Math Fluency: It’s Not About Being Fast!
Submitted by Jannet Park – LS Math Specialist
Many of us can remember a specific math moment: the race against the clock. Maybe it was timed tests, a teacher cold-calling on you and expecting an immediate answer, or the panic that set in as all eyes turned your way. Your mind went blank, your heart sped up, and suddenly math felt much harder than it needed to be. For many of us, those experiences shaped what we came to believe “being good at math” looked like. Math felt less like thinking and more like performing.
So when families hear the word fluency, it’s understandable that we often associate it with smooth reading, quick answers, or memorized math facts. Many of us grew up equating fluency with speed. However, at DE’s lower school, math fluency means something a bit different and ultimately much more powerful.

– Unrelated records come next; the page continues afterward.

lemma det3_projective:
  assumes "A *v u = a *s u'" "A *v v = b *s v'" "A *v w = c *s w'"
  shows "det A * det3 u v w = a * b * c * det3 u' v' w'"
  by (metis assms det3_matrix_vector_mult det3_scale)

lemma det3_nonzero_imp_independent:
  assumes "det3 u v w \<noteq> 0"
  shows "u \<noteq> 0" "\<not> same_line u v"
proof -
  show "u \<noteq> 0" using assms by (auto simp: det3_expand)
  show "\<not> same_line u v"
  proof
    assume "same_line u v"
    then obtain c where "u = c *s v" unfolding same_line_def by blast
    then show False using assms by (simp add: det3_expand algebra_simps)
  qed
qed

lemma det3_eq_0_projective:
  fixes A :: "'a::field^3^3"
  assumes "det A \<noteq> 0" "a \<noteq> 0" "b \<noteq> 0" "c \<noteq> 0"
    and "A *v u = a *s u'" "A *v v = b *s v'" "A *v w = c *s w'"
  shows "det3 u v w = 0 \<longleftrightarrow> det3 u' v' w' = 0"
  using det3_projective[OF assms(5-7)] assms(1-4) by auto

text \<open>The cross ratio of the four points in which the lines p, q, r, s meet the line l, as a point of
  the projective line in homogeneous coordinates.\<close>

definition cross_ratio :: "'a::comm_ring_1^3 \<Rightarrow> 'a^3 \<Rightarrow> 'a^3 \<Rightarrow> 'a^3 \<Rightarrow> 'a^3 \<Rightarrow> 'a \<times> 'a" where
  "cross_ratio l p q r s = (det3 l p r * det3 l q s, det3 l p s * det3 l q r)"

definition same_ratio :: "'a::comm_ring_1 \<times> 'a \<Rightarrow> 'a \<times> 'a \<Rightarrow> bool" where
  "same_ratio x y \<longleftrightarrow> fst x * snd y = fst y * snd x"

lemma cross_ratio_projective:
  fixes A :: "'a::field^3^3"
  assumes "det A \<noteq> 0"
    and "A *v l = k *s l'" "A *v p = kp *s p'" "A *v q = kq *s q'" "A *v r = kr *s r'" "A *v s = ks *s s'"
  shows "same_ratio (cross_ratio l p q r s) (cross_ratio l' p' q' r' s')"
proof -
  let ?d = "det A"
  have pr: "?d * det3 l p r = k * kp * kr * det3 l' p' r'"
    and qs: "?d * det3 l q s = k * kq * ks * det3 l' q' s'"
    and ps: "?d * det3 l p s = k * kp * ks * det3 l' p' s'"
    and qr: "?d * det3 l q r = k * kq * kr * det3 l' q' r'"
    using assms(2-6) by (auto intro: det3_projective)
  have "(?d * ?d) * (det3 l p r * det3 l q s * (det3 l' p' s' * det3 l' q' r'))
      = (?d * det3 l p r) * (?d * det3 l q s) * det3 l' p' s' * det3 l' q' r'"
    by (simp add: algebra_simps)
  also have "\<dots> = det3 l' p' r' * det3 l' q' s' * (?d * det3 l p s) * (?d * det3 l q r)"
    unfolding pr qs ps qr by (simp add: algebra_simps)
  also have "\<dots> = (?d * ?d) * (det3 l' p' r' * det3 l' q' s' * (det3 l p s * det3 l q r))"
    by (simp add: algebra_simps)
  finally show ?thesis
    using assms(1) by (simp add: same_ratio_def cross_ratio_def)
qed

section \<open>The non-bases of M_7\<close>

lemma E7_eq: "E7 = {1, 2, 3, 4, 5, 6, 7, 8, 9, 10, 11, 12, 13, 14}"
  unfolding E7_def by (rule set_eqI) (simp, presburger)

lemma ball_E7_iff:
  "(\<forall>p\<in>E7. P p) \<longleftrightarrow>
     P 1 \<and> P 2 \<and> P 3 \<and> P 4 \<and> P 5 \<and> P 6 \<and> P 7 \<and> P 8 \<and> P 9 \<and> P 10 \<and> P 11 \<and> P 12 \<and> P 13 \<and> P 14"
  by (simp only: E7_eq ball_simps simp_thms)

text \<open>Used as a congruence rule in the exhaustive checks below, so that the simplifier never evaluates
  the conclusion of a case whose guard is false.\<close>

lemma imp_weak_cong: "P = P' \<Longrightarrow> (P \<longrightarrow> Q) = (P' \<longrightarrow> Q)"
  by simp

definition residue7 :: "nat \<Rightarrow> nat" where
  "residue7 x = (if x mod 7 = 0 then 7 else x mod 7)"

text \<open>Any two elements of E7 lie in at most one non-basis; third p q is its remaining element, and 0
  (which is not in E7) if there is none. For a, b in 1..7 the third element is c' with
  2c = a + b, i.e. c = 4(a + b) mod 7; for a and c' it is b = 2c - a, unless that equals a.\<close>

definition third :: "nat \<Rightarrow> nat \<Rightarrow> nat" where
  "third p q =
     (if p \<le> 7 \<and> q \<le> 7 then (if p \<noteq> q then 7 + residue7 (4 * (p + q)) else 0)
      else if p \<le> 7 then (let b = residue7 (2 * (q - 7) + 7 - p) in if b \<noteq> p then b else 0)
      else if q \<le> 7 then (let b = residue7 (2 * (p - 7) + 7 - q) in if b \<noteq> q then b else 0)
      else 0)"

lemma third_commute: "third p q = third q p"
  by (simp add: third_def add.commute)

text \<open>The value table of third, two lines per non-basis, with the label 1 in its simp normal form
  Suc 0. The exhaustive checks below depend on evaluating third by rewriting with it, which is much
  faster than unfolding the definition.\<close>

lemma third_nonbasis [simp]:
  "third (Suc 0) 2 = 12" "third (Suc 0) 12 = 2" "third 2 12 = Suc 0"
  "third 2 (Suc 0) = 12" "third 12 (Suc 0) = 2" "third 12 2 = Suc 0"
  "third (Suc 0) 3 = 9" "third (Suc 0) 9 = 3" "third 3 9 = Suc 0"
  "third 3 (Suc 0) = 9" "third 9 (Suc 0) = 3" "third 9 3 = Suc 0"
  "third (Suc 0) 4 = 13" "third (Suc 0) 13 = 4" "third 4 13 = Suc 0"
  "third 4 (Suc 0) = 13" "third 13 (Suc 0) = 4" "third 13 4 = Suc 0"
  "third (Suc 0) 5 = 10" "third (Suc 0) 10 = 5" "third 5 10 = Suc 0"
  "third 5 (Suc 0) = 10" "third 10 (Suc 0) = 5" "third 10 5 = Suc 0"
  "third (Suc 0) 6 = 14" "third (Suc 0) 14 = 6" "third 6 14 = Suc 0"
  "third 6 (Suc 0) = 14" "third 14 (Suc 0) = 6" "third 14 6 = Suc 0"
  "third (Suc 0) 7 = 11" "third (Suc 0) 11 = 7" "third 7 11 = Suc 0"
  "third 7 (Suc 0) = 11" "third 11 (Suc 0) = 7" "third 11 7 = Suc 0"
  "third 2 3 = 13" "third 2 13 = 3" "third 3 13 = 2"
  "third 3 2 = 13" "third 13 2 = 3" "third 13 3 = 2"
  "third 2 4 = 10" "third 2 10 = 4" "third 4 10 = 2"
  "third 4 2 = 10" "third 10 2 = 4" "third 10 4 = 2"
  "third 2 5 = 14" "third 2 14 = 5" "third 5 14 = 2"
  "third 5 2 = 14" "third 14 2 = 5" "third 14 5 = 2"
  "third 2 6 = 11" "third 2 11 = 6" "third 6 11 = 2"
  "third 6 2 = 11" "third 11 2 = 6" "third 11 6 = 2"
  "third 2 7 = 8" "third 2 8 = 7" "third 7 8 = 2"
  "third 7 2 = 8" "third 8 2 = 7" "third 8 7 = 2"
  "third 3 4 = 14" "third 3 14 = 4" "third 4 14 = 3"
  "third 4 3 = 14" "third 14 3 = 4" "third 14 4 = 3"
  "third 3 5 = 11" "third 3 11 = 5" "third 5 11 = 3"
  "third 5 3 = 11" "third 11 3 = 5" "third 11 5 = 3"
  "third 3 6 = 8" "third 3 8 = 6" "third 6 8 = 3"
  "third 6 3 = 8" "third 8 3 = 6" "third 8 6 = 3"
  "third 3 7 = 12" "third 3 12 = 7" "third 7 12 = 3"
  "third 7 3 = 12" "third 12 3 = 7" "third 12 7 = 3"
  "third 4 5 = 8" "third 4 8 = 5" "third 5 8 = 4"
  "third 5 4 = 8" "third 8 4 = 5" "third 8 5 = 4"
  "third 4 6 = 12" "third 4 12 = 6" "third 6 12 = 4"
  "third 6 4 = 12" "third 12 4 = 6" "third 12 6 = 4"
  "third 4 7 = 9" "third 4 9 = 7" "third 7 9 = 4"
  "third 7 4 = 9" "third 9 4 = 7" "third 9 7 = 4"
  "third 5 6 = 9" "third 5 9 = 6" "third 6 9 = 5"
  "third 6 5 = 9" "third 9 5 = 6" "third 9 6 = 5"
  "third 5 7 = 13" "third 5 13 = 7" "third 7 13 = 5"
  "third 7 5 = 13" "third 13 5 = 7" "third 13 7 = 5"
  "third 6 7 = 10" "third 6 10 = 7" "third 7 10 = 6"
  "third 7 6 = 10" "third 10 6 = 7" "third 10 7 = 6"
  by (simp_all add: third_def residue7_def)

Math fluency is about understanding numbers and using them flexibly. A fluent mathematician can choose a strategy that makes sense, explain their thinking, and arrive at an accurate answer with confidence. Over time, as understanding deepens, strategies often become more efficient and automatic. In other words, speed can develop, but it’s the result of fluency, not the definition of it.
This is why memorizing facts alone isn’t always helpful, especially early on. When children are asked to memorize before they understand how numbers work together, math can start to feel stressful or fragile. If a fact is forgotten, students may hesitate, shut down, or feel like they’re “bad at math,” even when they’re not.
When fluency is built through understanding, the experience looks very different. Students learn how numbers relate to one another and how known facts can help them solve new problems. For example, a student who understands how to make ten and break numbers apart might think about 7 + 9 as 6 + 1 + 9 to make 16, and then use that same thinking to solve 70 + 90 as 160. They aren’t just remembering answers! Our DE students are developing tools they can use again and again.
We encourage our students to use fingers, and drawings, or models as they work. These are not signs that a child is behind. They are developmentally appropriate and concrete representations that support thinking and help students make sense of numbers. Just as training wheels help children learn to ride a bike, these strategies help students build the foundational skills they need for strong mental math later on.
Fluent mathematicians are not necessarily the fastest ones. Instead, being able to approach a problem in more than one way is one of the clearest signs of true fluency. As teachers and parents alike continue to value effort, curiosity, and sense-making over speed, we send the important message that math is something you think deeply about, not something you rush through. By redefining what it means to be a fluent mathematician, we help build confidence, joy, and a lasting belief that math is something we all can do.